Collection entries
· · ·
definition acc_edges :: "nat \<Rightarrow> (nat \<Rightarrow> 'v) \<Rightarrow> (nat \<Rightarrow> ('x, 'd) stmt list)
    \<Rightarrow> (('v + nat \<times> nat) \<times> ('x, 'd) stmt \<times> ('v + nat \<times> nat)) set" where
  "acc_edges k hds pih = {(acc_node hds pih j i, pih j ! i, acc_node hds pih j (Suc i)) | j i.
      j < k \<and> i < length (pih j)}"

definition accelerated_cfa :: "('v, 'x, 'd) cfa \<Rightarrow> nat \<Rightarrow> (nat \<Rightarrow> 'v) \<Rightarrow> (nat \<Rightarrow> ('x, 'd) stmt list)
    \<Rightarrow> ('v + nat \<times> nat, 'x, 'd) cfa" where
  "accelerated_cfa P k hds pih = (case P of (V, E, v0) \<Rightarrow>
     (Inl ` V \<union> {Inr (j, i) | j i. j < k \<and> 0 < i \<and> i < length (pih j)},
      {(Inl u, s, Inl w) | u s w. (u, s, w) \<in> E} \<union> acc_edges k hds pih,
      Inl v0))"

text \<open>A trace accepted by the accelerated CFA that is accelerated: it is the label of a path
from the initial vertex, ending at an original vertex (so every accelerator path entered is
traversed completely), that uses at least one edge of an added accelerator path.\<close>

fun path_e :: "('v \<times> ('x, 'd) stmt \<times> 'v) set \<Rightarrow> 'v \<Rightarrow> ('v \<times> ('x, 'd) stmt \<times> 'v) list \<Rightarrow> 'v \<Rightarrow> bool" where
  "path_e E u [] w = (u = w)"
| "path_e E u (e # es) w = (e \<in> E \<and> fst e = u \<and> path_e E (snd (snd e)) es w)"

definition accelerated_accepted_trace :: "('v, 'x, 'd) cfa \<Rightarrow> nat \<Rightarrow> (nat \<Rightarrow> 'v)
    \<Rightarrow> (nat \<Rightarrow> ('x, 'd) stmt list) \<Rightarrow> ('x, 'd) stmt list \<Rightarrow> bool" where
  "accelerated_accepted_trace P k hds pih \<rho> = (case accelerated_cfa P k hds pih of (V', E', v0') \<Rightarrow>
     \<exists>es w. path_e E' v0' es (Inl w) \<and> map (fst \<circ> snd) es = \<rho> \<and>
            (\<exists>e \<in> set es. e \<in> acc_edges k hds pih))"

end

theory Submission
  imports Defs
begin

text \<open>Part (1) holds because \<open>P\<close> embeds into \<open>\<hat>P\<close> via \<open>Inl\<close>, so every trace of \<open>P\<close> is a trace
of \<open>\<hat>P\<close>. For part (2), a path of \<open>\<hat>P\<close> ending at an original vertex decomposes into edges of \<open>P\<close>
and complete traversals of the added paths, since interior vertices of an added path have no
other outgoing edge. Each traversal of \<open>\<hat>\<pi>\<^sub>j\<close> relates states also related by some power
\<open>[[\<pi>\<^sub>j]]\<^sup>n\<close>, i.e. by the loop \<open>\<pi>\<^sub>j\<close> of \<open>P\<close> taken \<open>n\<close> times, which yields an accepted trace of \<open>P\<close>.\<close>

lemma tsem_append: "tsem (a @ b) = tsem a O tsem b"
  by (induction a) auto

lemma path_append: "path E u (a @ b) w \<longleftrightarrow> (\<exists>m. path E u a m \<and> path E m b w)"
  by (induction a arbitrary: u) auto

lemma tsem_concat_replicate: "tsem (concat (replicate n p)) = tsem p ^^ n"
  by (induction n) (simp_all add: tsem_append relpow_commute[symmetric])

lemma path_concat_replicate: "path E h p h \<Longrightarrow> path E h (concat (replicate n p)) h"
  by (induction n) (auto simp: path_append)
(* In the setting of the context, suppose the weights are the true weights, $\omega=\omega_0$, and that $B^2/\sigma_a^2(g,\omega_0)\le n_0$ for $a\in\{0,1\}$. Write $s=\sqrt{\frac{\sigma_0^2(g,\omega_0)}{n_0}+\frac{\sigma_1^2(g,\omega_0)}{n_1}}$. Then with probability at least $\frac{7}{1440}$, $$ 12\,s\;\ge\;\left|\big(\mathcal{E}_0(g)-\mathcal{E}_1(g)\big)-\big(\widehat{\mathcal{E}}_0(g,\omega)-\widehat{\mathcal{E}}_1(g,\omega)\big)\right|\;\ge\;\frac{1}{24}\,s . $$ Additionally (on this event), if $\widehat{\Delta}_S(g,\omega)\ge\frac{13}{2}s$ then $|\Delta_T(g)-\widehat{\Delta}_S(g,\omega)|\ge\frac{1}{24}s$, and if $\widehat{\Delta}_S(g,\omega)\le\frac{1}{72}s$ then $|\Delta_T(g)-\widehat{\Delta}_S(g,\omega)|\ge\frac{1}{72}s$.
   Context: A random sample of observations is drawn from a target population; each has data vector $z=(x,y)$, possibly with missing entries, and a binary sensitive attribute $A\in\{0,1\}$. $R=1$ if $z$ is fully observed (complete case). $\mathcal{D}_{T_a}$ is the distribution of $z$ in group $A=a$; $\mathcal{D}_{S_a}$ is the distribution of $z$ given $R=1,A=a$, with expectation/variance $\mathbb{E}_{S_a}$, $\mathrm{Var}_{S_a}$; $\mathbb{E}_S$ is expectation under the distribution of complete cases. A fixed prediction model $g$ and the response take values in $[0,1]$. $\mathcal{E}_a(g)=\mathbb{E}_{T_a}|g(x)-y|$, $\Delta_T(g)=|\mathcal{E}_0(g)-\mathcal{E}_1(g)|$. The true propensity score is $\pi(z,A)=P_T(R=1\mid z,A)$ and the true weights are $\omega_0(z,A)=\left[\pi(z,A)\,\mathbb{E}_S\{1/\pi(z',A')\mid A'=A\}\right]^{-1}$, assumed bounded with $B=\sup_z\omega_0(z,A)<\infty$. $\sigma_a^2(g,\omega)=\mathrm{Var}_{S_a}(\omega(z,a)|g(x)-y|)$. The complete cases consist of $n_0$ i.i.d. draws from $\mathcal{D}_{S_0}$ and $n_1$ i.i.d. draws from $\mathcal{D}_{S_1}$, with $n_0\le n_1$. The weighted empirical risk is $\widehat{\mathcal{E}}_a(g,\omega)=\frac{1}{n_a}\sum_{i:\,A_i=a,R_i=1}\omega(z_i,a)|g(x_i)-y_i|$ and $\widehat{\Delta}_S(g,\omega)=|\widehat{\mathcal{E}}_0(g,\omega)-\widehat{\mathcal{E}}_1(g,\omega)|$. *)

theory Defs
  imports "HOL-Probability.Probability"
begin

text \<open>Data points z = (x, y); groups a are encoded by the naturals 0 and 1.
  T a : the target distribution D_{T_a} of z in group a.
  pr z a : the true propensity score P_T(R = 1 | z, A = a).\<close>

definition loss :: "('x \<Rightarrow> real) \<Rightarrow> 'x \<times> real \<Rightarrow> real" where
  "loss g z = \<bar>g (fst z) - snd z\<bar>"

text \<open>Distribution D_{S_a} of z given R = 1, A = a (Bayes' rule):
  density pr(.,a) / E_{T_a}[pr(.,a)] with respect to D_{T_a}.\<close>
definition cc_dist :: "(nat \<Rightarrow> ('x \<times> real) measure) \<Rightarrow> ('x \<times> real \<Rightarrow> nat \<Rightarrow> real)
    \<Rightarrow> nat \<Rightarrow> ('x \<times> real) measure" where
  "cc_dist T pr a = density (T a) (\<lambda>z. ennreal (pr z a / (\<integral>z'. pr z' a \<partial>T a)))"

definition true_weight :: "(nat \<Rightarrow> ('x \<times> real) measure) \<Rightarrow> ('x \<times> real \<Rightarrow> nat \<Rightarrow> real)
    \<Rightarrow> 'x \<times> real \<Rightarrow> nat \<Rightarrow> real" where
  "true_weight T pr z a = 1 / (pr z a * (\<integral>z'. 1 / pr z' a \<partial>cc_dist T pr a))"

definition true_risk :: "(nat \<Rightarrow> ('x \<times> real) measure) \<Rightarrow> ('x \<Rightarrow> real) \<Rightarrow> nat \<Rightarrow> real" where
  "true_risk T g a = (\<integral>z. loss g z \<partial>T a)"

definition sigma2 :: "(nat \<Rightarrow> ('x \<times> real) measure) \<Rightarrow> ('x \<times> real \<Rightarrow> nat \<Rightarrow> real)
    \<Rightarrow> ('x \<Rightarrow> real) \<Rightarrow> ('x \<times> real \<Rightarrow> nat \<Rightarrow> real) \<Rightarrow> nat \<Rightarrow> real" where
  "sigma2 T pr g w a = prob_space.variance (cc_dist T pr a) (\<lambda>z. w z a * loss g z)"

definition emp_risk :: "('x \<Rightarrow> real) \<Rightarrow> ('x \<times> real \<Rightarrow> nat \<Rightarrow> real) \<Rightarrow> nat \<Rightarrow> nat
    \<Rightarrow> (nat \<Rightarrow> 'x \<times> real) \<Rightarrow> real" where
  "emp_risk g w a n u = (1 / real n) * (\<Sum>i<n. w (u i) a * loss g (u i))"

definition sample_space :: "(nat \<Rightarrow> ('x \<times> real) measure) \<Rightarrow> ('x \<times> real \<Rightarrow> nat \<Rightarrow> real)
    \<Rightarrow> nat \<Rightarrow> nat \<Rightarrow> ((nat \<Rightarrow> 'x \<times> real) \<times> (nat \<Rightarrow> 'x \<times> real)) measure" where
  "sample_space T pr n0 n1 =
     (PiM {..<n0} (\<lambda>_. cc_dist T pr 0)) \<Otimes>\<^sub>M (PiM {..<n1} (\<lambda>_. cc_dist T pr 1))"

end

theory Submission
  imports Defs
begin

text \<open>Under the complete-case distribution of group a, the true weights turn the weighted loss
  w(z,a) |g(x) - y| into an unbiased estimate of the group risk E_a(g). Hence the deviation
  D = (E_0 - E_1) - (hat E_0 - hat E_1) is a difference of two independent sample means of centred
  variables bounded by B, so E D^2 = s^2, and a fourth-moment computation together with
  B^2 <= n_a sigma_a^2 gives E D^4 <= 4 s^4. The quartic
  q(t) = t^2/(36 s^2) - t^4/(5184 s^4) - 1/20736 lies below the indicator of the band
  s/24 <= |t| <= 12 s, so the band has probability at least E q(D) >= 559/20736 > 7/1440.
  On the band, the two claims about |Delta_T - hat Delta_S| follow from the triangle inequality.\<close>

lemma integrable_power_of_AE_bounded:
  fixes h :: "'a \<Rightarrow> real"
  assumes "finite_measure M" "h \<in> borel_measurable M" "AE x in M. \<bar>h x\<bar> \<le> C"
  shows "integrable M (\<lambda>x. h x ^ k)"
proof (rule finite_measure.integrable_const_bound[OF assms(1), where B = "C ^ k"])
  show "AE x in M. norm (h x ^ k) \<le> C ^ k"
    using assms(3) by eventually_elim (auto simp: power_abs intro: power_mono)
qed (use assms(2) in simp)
· · ·
EXERCISE DIRECTIONS
For the word "band", count the lines of the data that contain it and give only the count.

EXERCISE ANSWER
3